Here is a relevant question for accomplishing this step 3 is now a well-defined and understood problem to solve:
T-SQL substring - separating first and last name
Now you have separated the starting and ending values. Use another function which can explode this range. Step 4 is now a well-defined and understood problem to solve:
SQL: create sequential list of numbers from various starting points
SELECT all N between #min and #max
What is the best way to create and populate a numbers table?
and, also, insert it into the temp table.
Now what you should have is a temp table with every value in the exploded range.

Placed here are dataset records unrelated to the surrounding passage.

(* Let $\pi>0$, $\bar d>0$, $0<\theta_1<\dots<\theta_K$, $0\le\beta_1<\dots<\beta_M\le1$, and let $A:[0,D]\to[0,\bar d]$ be continuously differentiable and decreasing. Let $\sigma(Q,\beta,\theta)=-[\theta\beta+\pi(1-\beta)]A'(Q)$ and enumerate the $KM$ types as $\Lambda_1,\dots,\Lambda_{KM}$ with $\sigma(Q,\Lambda_1)\le\dots\le\sigma(Q,\Lambda_{KM})$ for all $Q$. Let $L(Q,\beta,\theta)=\theta[\bar d-\beta A(Q)]-\pi(1-\beta)A(Q)$ and $\bar S(Q,\Pi,\Lambda)=L(Q,\Lambda)-\Pi$. Say items $\phi_i=(Q_i,\Pi_i)$ and $\phi_j=(Q_j,\Pi_j)$ are pairwise incentive compatible if $\bar S(Q_i,\Pi_i,\Lambda_i)\ge\bar S(Q_j,\Pi_j,\Lambda_i)$ and $\bar S(Q_j,\Pi_j,\Lambda_j)\ge\bar S(Q_i,\Pi_i,\Lambda_j)$. Let $\{(Q_i,\Pi_i)\}_{i=1}^{KM}$ with $Q_i\in[0,D]$ satisfy $Q_1\le\dots\le Q_{KM}$ and $\Pi_1\le\dots\le\Pi_{KM}$. Then for any $i_1<i_2<i_3$: if $\phi_{i_1},\phi_{i_2}$ are pairwise incentive compatible and $\phi_{i_2},\phi_{i_3}$ are pairwise incentive compatible, then $\phi_{i_1},\phi_{i_3}$ are pairwise incentive compatible.
   Context: Model: an operator offers one contract item (data cap $Q_i$, fee $\Pi_i$) for each user type $\Lambda_i=(\beta,\theta)$ (network substitutability $\beta$, data valuation $\theta$). $\pi$ is the overage price, $\bar d$ the mean demand, $A(Q)$ the expected overage consumption under cap $Q$ (decreasing, convex). $\sigma$ is the willingness-to-pay, by which types are sorted (the ordering does not depend on $Q$). *)

theory Defs
  imports "HOL-Analysis.Analysis"
begin

text \<open>A user type is a pair (beta, theta): network substitutability and data valuation.
  pio is the overage price, dbar the mean demand, A the expected overage consumption.\<close>

definition sigma :: "real \<Rightarrow> (real \<Rightarrow> real) \<Rightarrow> real \<Rightarrow> real \<times> real \<Rightarrow> real" where
  "sigma pio A' Q \<Lambda> = - ((snd \<Lambda> * fst \<Lambda> + pio * (1 - fst \<Lambda>)) * A' Q)"

definition Lfun :: "real \<Rightarrow> real \<Rightarrow> (real \<Rightarrow> real) \<Rightarrow> real \<Rightarrow> real \<times> real \<Rightarrow> real" where
  "Lfun pio dbar A Q \<Lambda> = snd \<Lambda> * (dbar - fst \<Lambda> * A Q) - pio * (1 - fst \<Lambda>) * A Q"

definition Sbar :: "real \<Rightarrow> real \<Rightarrow> (real \<Rightarrow> real) \<Rightarrow> real \<Rightarrow> real \<Rightarrow> real \<times> real \<Rightarrow> real" where
  "Sbar pio dbar A Q fee \<Lambda> = Lfun pio dbar A Q \<Lambda> - fee"

definition pairwise_IC :: "real \<Rightarrow> real \<Rightarrow> (real \<Rightarrow> real) \<Rightarrow> (nat \<Rightarrow> real \<times> real)
    \<Rightarrow> (nat \<Rightarrow> real) \<Rightarrow> (nat \<Rightarrow> real) \<Rightarrow> nat \<Rightarrow> nat \<Rightarrow> bool" where
  "pairwise_IC pio dbar A lam Q P i j \<longleftrightarrow>
     Sbar pio dbar A (Q i) (P i) (lam i) \<ge> Sbar pio dbar A (Q j) (P j) (lam i) \<and>
     Sbar pio dbar A (Q j) (P j) (lam j) \<ge> Sbar pio dbar A (Q i) (P i) (lam j)"

end

theory Submission
  imports Defs
begin

text \<open>Up to a term that does not depend on the item, the surplus of type \<open>\<Lambda>\<close> from item
  \<open>(Q, \<Pi>)\<close> is \<open>-c(\<Lambda>) A(Q) - \<Pi>\<close> with \<open>c(\<Lambda>) = \<theta>\<beta> + \<pi>(1 - \<beta>)\<close>, and \<open>\<sigma> = -c A'\<close>.
  Pairwise incentive compatibility of \<open>\<phi>\<^sub>i, \<phi>\<^sub>j\<close> thus says that the fee difference
  \<open>\<Pi>\<^sub>j - \<Pi>\<^sub>i\<close> lies between \<open>c(\<Lambda>\<^sub>i)\<close> and \<open>c(\<Lambda>\<^sub>j)\<close> times \<open>A(Q\<^sub>i) - A(Q\<^sub>j)\<close>.
  If \<open>A(Q\<^sub>1) = A(Q\<^sub>3)\<close>, all three overages coincide and the bounds are trivial. Otherwise the
  mean value theorem gives a point of \<open>[Q\<^sub>1, Q\<^sub>3]\<close> where \<open>A' < 0\<close>; there the sorting by \<open>\<sigma>\<close>
  orders the coefficients \<open>c(\<Lambda>\<^sub>1) \<le> c(\<Lambda>\<^sub>2) \<le> c(\<Lambda>\<^sub>3)\<close>, and adding the two pairs of bounds
  gives the bounds for \<open>\<phi>\<^sub>1, \<phi>\<^sub>3\<close>.\<close>

definition overage_coeff :: "real \<Rightarrow> real \<times> real \<Rightarrow> real" where
  "overage_coeff pio \<Lambda> = snd \<Lambda> * fst \<Lambda> + pio * (1 - fst \<Lambda>)"

lemma sigma_eq_overage_coeff: "sigma pio A' q \<Lambda> = - (overage_coeff pio \<Lambda> * A' q)"
  unfolding sigma_def overage_coeff_def by simp

lemma Sbar_eq_overage_coeff:
  "Sbar pio dbar A q fee \<Lambda> = snd \<Lambda> * dbar - overage_coeff pio \<Lambda> * A q - fee"
  unfolding Sbar_def Lfun_def overage_coeff_def by (simp add: algebra_simps)

lemma pairwise_IC_iff_fee_bounds:
  "pairwise_IC pio dbar A lam Q P i j \<longleftrightarrow>
     overage_coeff pio (lam i) * (A (Q i) - A (Q j)) \<le> P j - P i \<and>
     P j - P i \<le> overage_coeff pio (lam j) * (A (Q i) - A (Q j))"
  unfolding pairwise_IC_def Sbar_eq_overage_coeff by (auto simp: algebra_simps)

lemma overage_coeff_le_if_sigma_le:
  assumes "A' q < 0" and "sigma pio A' q \<Lambda> \<le> sigma pio A' q \<Lambda>'"
  shows "overage_coeff pio \<Lambda> \<le> overage_coeff pio \<Lambda>'"
  using assms unfolding sigma_eq_overage_coeff by (simp add: mult_le_cancel_right)

lemma fee_bounds_trans:
  fixes c1 c2 c3 a1 a2 a3 p1 p2 p3 :: real
  assumes "c1 \<le> c2" "c2 \<le> c3" "a2 \<le> a1" "a3 \<le> a2"
    and "c1 * (a1 - a2) \<le> p2 - p1" "p2 - p1 \<le> c2 * (a1 - a2)"
    and "c2 * (a2 - a3) \<le> p3 - p2" "p3 - p2 \<le> c3 * (a2 - a3)"
  shows "c1 * (a1 - a3) \<le> p3 - p1 \<and> p3 - p1 \<le> c3 * (a1 - a3)"
proof -
  have "c1 * (a2 - a3) \<le> c2 * (a2 - a3)" "c2 * (a1 - a2) \<le> c3 * (a1 - a2)"
    using assms(1-4) by (simp_all add: mult_right_mono)
  with assms(5-8) show ?thesis by (simp add: algebra_simps)
qed

lemma deriv_neg_if_strict_decrease:
  fixes f f' :: "real \<Rightarrow> real"
  assumes deriv: "\<forall>x\<in>{a..b}. (f has_real_derivative f' x) (at x within {a..b})"
    and "a \<le> b" and decr: "f b < f a"
  shows "\<exists>z\<in>{a..b}. f' z < 0"
proof -
  have "a < b" using \<open>a \<le> b\<close> decr by (cases "a = b") auto
  moreover have "\<forall>x\<in>{a..b}. (f has_derivative (\<lambda>h. f' x * h)) (at x within {a..b})"
    using deriv by (simp add: has_field_derivative_def)
  ultimately obtain z where z: "z \<in> {a..b}" "f b - f a = f' z * (b - a)"
    using mvt_very_simple[of a b f "\<lambda>x h. f' x * h"] by auto
  with decr have "f' z * (b - a) < 0" by simp
  with \<open>a < b\<close> have "f' z < 0" by (simp add: mult_less_0_iff)
  with z(1) show ?thesis by blast
qed

theorem lemma5:
  fixes pio dbar D :: real and A A' :: "real \<Rightarrow> real" and K M :: nat
    and theta beta :: "nat \<Rightarrow> real" and lam :: "nat \<Rightarrow> real \<times> real"
    and Q P :: "nat \<Rightarrow> real" and i1 i2 i3 :: nat
  assumes pio: "pio > 0" and dbar: "dbar > 0"
    and theta_pos: "0 < theta 1"
    and theta_mono: "\<forall>k. 1 \<le> k \<and> k < K \<longrightarrow> theta k < theta (Suc k)"
    and beta_lo: "0 \<le> beta 1" and beta_hi: "beta M \<le> 1"
    and beta_mono: "\<forall>m. 1 \<le> m \<and> m < M \<longrightarrow> beta m < beta (Suc m)"
    and A_deriv: "\<forall>x\<in>{0..D}. (A has_real_derivative A' x) (at x within {0..D})"
    and A'_cont: "continuous_on {0..D} A'"
    and A_decr: "\<forall>x\<in>{0..D}. \<forall>y\<in>{0..D}. x \<le> y \<longrightarrow> A y \<le> A x"
    and A_range: "\<forall>x\<in>{0..D}. 0 \<le> A x \<and> A x \<le> dbar"
    and lam_enum: "bij_betw lam {1..K*M} (beta ` {1..M} \<times> theta ` {1..K})"
    and lam_sorted: "\<forall>q\<in>{0..D}. \<forall>i\<in>{1..K*M}. \<forall>j\<in>{1..K*M}.
                       i \<le> j \<longrightarrow> sigma pio A' q (lam i) \<le> sigma pio A' q (lam j)"
    and Q_range: "\<forall>i\<in>{1..K*M}. Q i \<in> {0..D}"
    and Q_mono: "\<forall>i\<in>{1..K*M}. \<forall>j\<in>{1..K*M}. i \<le> j \<longrightarrow> Q i \<le> Q j"
    and P_mono: "\<forall>i\<in>{1..K*M}. \<forall>j\<in>{1..K*M}. i \<le> j \<longrightarrow> P i \<le> P j"
    and idx: "1 \<le> i1" "i1 < i2" "i2 < i3" "i3 \<le> K*M"
    and ic12: "pairwise_IC pio dbar A lam Q P i1 i2"
    and ic23: "pairwise_IC pio dbar A lam Q P i2 i3"
  shows "pairwise_IC pio dbar A lam Q P i1 i3"
proof -
  let ?c = "\<lambda>i. overage_coeff pio (lam i)"
  have idx_range: "i1 \<in> {1..K*M}" "i2 \<in> {1..K*M}" "i3 \<in> {1..K*M}" using idx by auto
  then have Q_le: "Q i1 \<le> Q i2" "Q i2 \<le> Q i3" using Q_mono idx by auto
  have QD: "{Q i1..Q i3} \<subseteq> {0..D}"
    using Q_range idx_range(1,3) by (metis atLeastAtMost_iff atLeastatMost_subset_iff)
  moreover have "Q i1 \<in> {Q i1..Q i3}" "Q i2 \<in> {Q i1..Q i3}" "Q i3 \<in> {Q i1..Q i3}"
    using Q_le by auto
  ultimately have A_le: "A (Q i2) \<le> A (Q i1)" "A (Q i3) \<le> A (Q i2)"
    using A_decr Q_le by (meson subsetD)+
  show ?thesis
  proof (cases "A (Q i3) < A (Q i1)")
    case True
    have "\<forall>x\<in>{Q i1..Q i3}. (A has_real_derivative A' x) (at x within {Q i1..Q i3})"
      using A_deriv QD by (meson DERIV_subset subsetD)
    with True Q_le obtain z where z: "z \<in> {Q i1..Q i3}" "A' z < 0"
      using deriv_neg_if_strict_decrease by (metis order_trans)
    then have "?c i1 \<le> ?c i2" "?c i2 \<le> ?c i3"
      using lam_sorted QD idx_range idx
      by (auto intro!: overage_coeff_le_if_sigma_le[of A' z])
    then show ?thesis
      using fee_bounds_trans A_le ic12 ic23 unfolding pairwise_IC_iff_fee_bounds by blast
  next
    case False
    with A_le have "A (Q i2) = A (Q i1)" "A (Q i3) = A (Q i1)" by auto
    then show ?thesis using ic12 ic23 unfolding pairwise_IC_iff_fee_bounds by auto
  qed
qed

end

Simply JOIN that to the other table on the values now, then to your source table on the ID reference and you're there.
My suggestion is to add one more field and many more records to your ranges table. Specifically, the primary key would be the integer and the other field would be the range. Records would look like this:
number range
1 1-2,5
2 1-2,5
3 na
4 na
5 1-2,5
etc
Having said that, this is still rather limiting because a number can only have one range. If you want to be thorough, set up a many to many relationship between numbers and ranges.
As far as I can tell you best option is something like below:
Create a table value function that accepts your ranges an converts them to a collection of ints. So 1-3,5 would return:
1
2
3
5
Then use these results to join to other tables. I don't have an exact function to do this at hand, but this one seems like an excellent start.